Элька знала, что обижаться, если тебя нарочно хотят обидеть, – последнее дело. Но слезы выступили сами собой. Глупость какая… Дорожку ей булками выстелили… Представишь такую картинку, плохо станет… Она побыстрее отвернулась. Вот черт, зря она этой дорогой пошла, надо было возвратиться по морю. Но ей казалось почему-то, что здесь она может встретить Митю. А ведь надо как-то помириться перед завтрашним выступлением. В номер к нему идти неудобно, лучше поговорить на улице.
Что случилось с Ольгой Ивановной? Неужели ей понравился Митя и она ревнует, галиматью такую несет? Но он же младше ее лет на тридцать, двадцать, сорок… Непонятно, на сколько, но сильно младше… Хотя это обстоятельство не мешает Марине Тимофеевне увиваться за Митей в школе… Все уже шепчутся… И не одной Марине хочется потрогать Митю, приобнять, причесать ему волосы, потрепать по щеке…
Эля развернулась и пошла к гостинице, не обращая внимания не то, что Ольга Ивановна нарочито громко стала рассказывать детям, что конкурс – дело очень субъективное и побеждают, как правило не сильнейшие, а самые богатые.
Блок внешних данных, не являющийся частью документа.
(* Let $(L,\delta,\alpha,\beta)$, $(V,\mu,\alpha_V,\beta_V)$ and $(M,d',\alpha_M,\beta_M)$ be BiHom-Lie algebras and let $$E:\ 0\longrightarrow (V,\mu,\alpha_V,\beta_V)\xrightarrow{\ i\ }(M,d',\alpha_M,\beta_M)\xrightarrow{\ \pi\ }(L,\delta,\alpha,\beta)\longrightarrow 0$$ be a split extension of $L$ by $V$. Then there exist bilinear maps $\lambda_l\colon L\times V\to V$, $\lambda_r\colon V\times L\to V$, $\theta\colon L\times L\to V$ such that, with $d\colon (L\oplus V)^2\to L\oplus V$ defined by $$d(x+v,y+w)=\delta(x,y)+\theta(x,y)+\lambda_l(x,w)+\lambda_r(v,y)+\mu(v,w)\qquad(x,y\in L,\ v,w\in V),$$ the pair $(\lambda_l,\lambda_r)$ is a representation of $L$ on $(V,\alpha_V,\beta_V)$, $\theta$ is a $2$-cocycle of $L$ on $V$ with respect to it, and $$E_0:\ 0\longrightarrow (V,\mu,\alpha_V,\beta_V)\xrightarrow{\ i_0\ }(L\oplus V,d,\alpha+\alpha_V,\beta+\beta_V)\xrightarrow{\ \pi_0\ }(L,\delta,\alpha,\beta)\longrightarrow 0,$$ where $i_0(v)=v$ and $\pi_0(x+v)=x$, is a split extension of $L$ by $V$ which is equivalent to $E$.
   Context: All vector spaces are over a field $\mathbb{K}$. A BiHom-Lie algebra $(L,[\cdot,\cdot],\alpha,\beta)$ is a vector space $L$ with a bilinear map $[\cdot,\cdot]\colon L\times L\to L$ and linear maps $\alpha,\beta\colon L\to L$ such that $\alpha\circ\beta=\beta\circ\alpha$, $[\beta(x),\alpha(y)]=-[\beta(y),\alpha(x)]$, and $[\beta^2(x),[\beta(y),\alpha(z)]]+[\beta^2(y),[\beta(z),\alpha(x)]]+[\beta^2(z),[\beta(x),\alpha(y)]]=0$ for all $x,y,z$ ($\alpha,\beta$ need not be multiplicative). A morphism $f\colon(L,[\cdot,\cdot],\alpha,\beta)\to(L',[\cdot,\cdot]',\alpha',\beta')$ is a linear map with $f\circ\alpha=\alpha'\circ f$, $f\circ\beta=\beta'\circ f$, $f([x,y])=[f(x),f(y)]'$. A BiHom-subalgebra of $(M,d,\alpha_M,\beta_M)$ is a subspace $H$ with $\alpha_M(H)\subset H$, $\beta_M(H)\subset H$, $d(H,H)\subset H$. On $L\oplus V$, $\alpha+\alpha_V$ denotes $x+v\mapsto\alpha(x)+\alpha_V(v)$, similarly $\beta+\beta_V$. An extension of $(L,\delta,\alpha,\beta)$ by $(V,\mu,\alpha_V,\beta_V)$ is a sequence $0\to V\xrightarrow{i}M\xrightarrow{\pi}L\to0$ of BiHom-Lie algebras and morphisms with $i$ injective, $\pi$ surjective, $\mathrm{Im}(i)=\ker(\pi)$. It is split if there is a BiHom-subalgebra $S\subset M$ with $M=S\oplus\ker\pi$. Two extensions $0\to V_1\xrightarrow{i_1}M_1\xrightarrow{\pi_1}L_1\to0$ and $0\to V_2\xrightarrow{i_2}M_2\xrightarrow{\pi_2}L_2\to0$ are equivalent if there are linear maps $\varphi\colon V_1\to V_2$, $s\colon L_1\to L_2$ and an isomorphism of BiHom-Lie algebras $\Phi\colon M_1\to M_2$ with $\Phi\circ i_1=i_2\circ\varphi$ and $\pi_2\circ\Phi=s\circ\pi_1$. A representation of $(L,\delta,\alpha,\beta)$ on $(V,\alpha_V,\beta_V)$ (with $\alpha_V\beta_V=\beta_V\alpha_V$) is a pair of bilinear maps $\lambda_l\colon L\times V\to V$, $\lambda_r\colon V\times L\to V$ with, for all $x,y\in L$, $v\in V$: $\lambda_r(\beta_V(v),\alpha(y))=-\lambda_l(\beta(y),\alpha_V(v))$ and $\lambda_l(\beta^2(x),\lambda_l(\beta(y),\alpha_V(v)))+\lambda_l(\beta^2(y),\lambda_r(\beta_V(v),\alpha(x)))+\lambda_r(\beta_V^2(v),\delta(\beta(x),\alpha(y)))=0$. A $2$-cocycle of $L$ on $V$ with respect to it is a bilinear $\theta\colon L\times L\to V$ with $\theta(\beta(x),\alpha(y))=-\theta(\beta(y),\alpha(x))$ and $\theta(\beta^2(x),\delta(\beta(y),\alpha(z)))-\theta(\beta^2(y),\delta(\beta(x),\alpha(z)))+\theta(\beta^2(z),\delta(\beta(x),\alpha(y)))+\lambda_l(\beta^2(x),\theta(\beta(y),\alpha(z)))-\lambda_l(\beta^2(y),\theta(\beta(x),\alpha(z)))+\lambda_l(\beta^2(z),\theta(\beta(x),\alpha(y)))=0$ for all $x,y,z\in L$. *)

theory Defs
  imports "HOL-Analysis.Analysis"
begin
Зачем ехать сюда было тогда?
– Какая приятная встреча! – Никита догнал Элю и ловко подхватил девушку под руку.
– Я тебя не видела…
– А я давно тебя видел, по другой стороне улице шел. Думаю, ну кто же такая красивая идет… Задумчивая… Что, привязалась к тебе эта тетка? Кто она?
– Привязалась… Это наша преподавательница из музыкалки, привезла сюда детей. Да ну ее! Она слишком волнуется перед конкурсом, так вымещает свое волнение.
– Ты – хорошая… – Никита ненароком поправил Эле волосы. Девочка чуть отстранилась. Он усмехнулся. – Пойдем, я тебя угощу?
– Я не голодна.
– Выпьем чаю… Такое милое кафе у моря… Пойдем, пойдем, сниму тебя на закате… Закат никогда не повторяется. Каждый вечер новые картины. Изумительно… Идем!
Эля колебалась. Она ведь хотела помириться с Митей… Но где его искать?
– Хорошо, только недолго. Я бы и правда еще выпила чаю. Очень стылый вечер.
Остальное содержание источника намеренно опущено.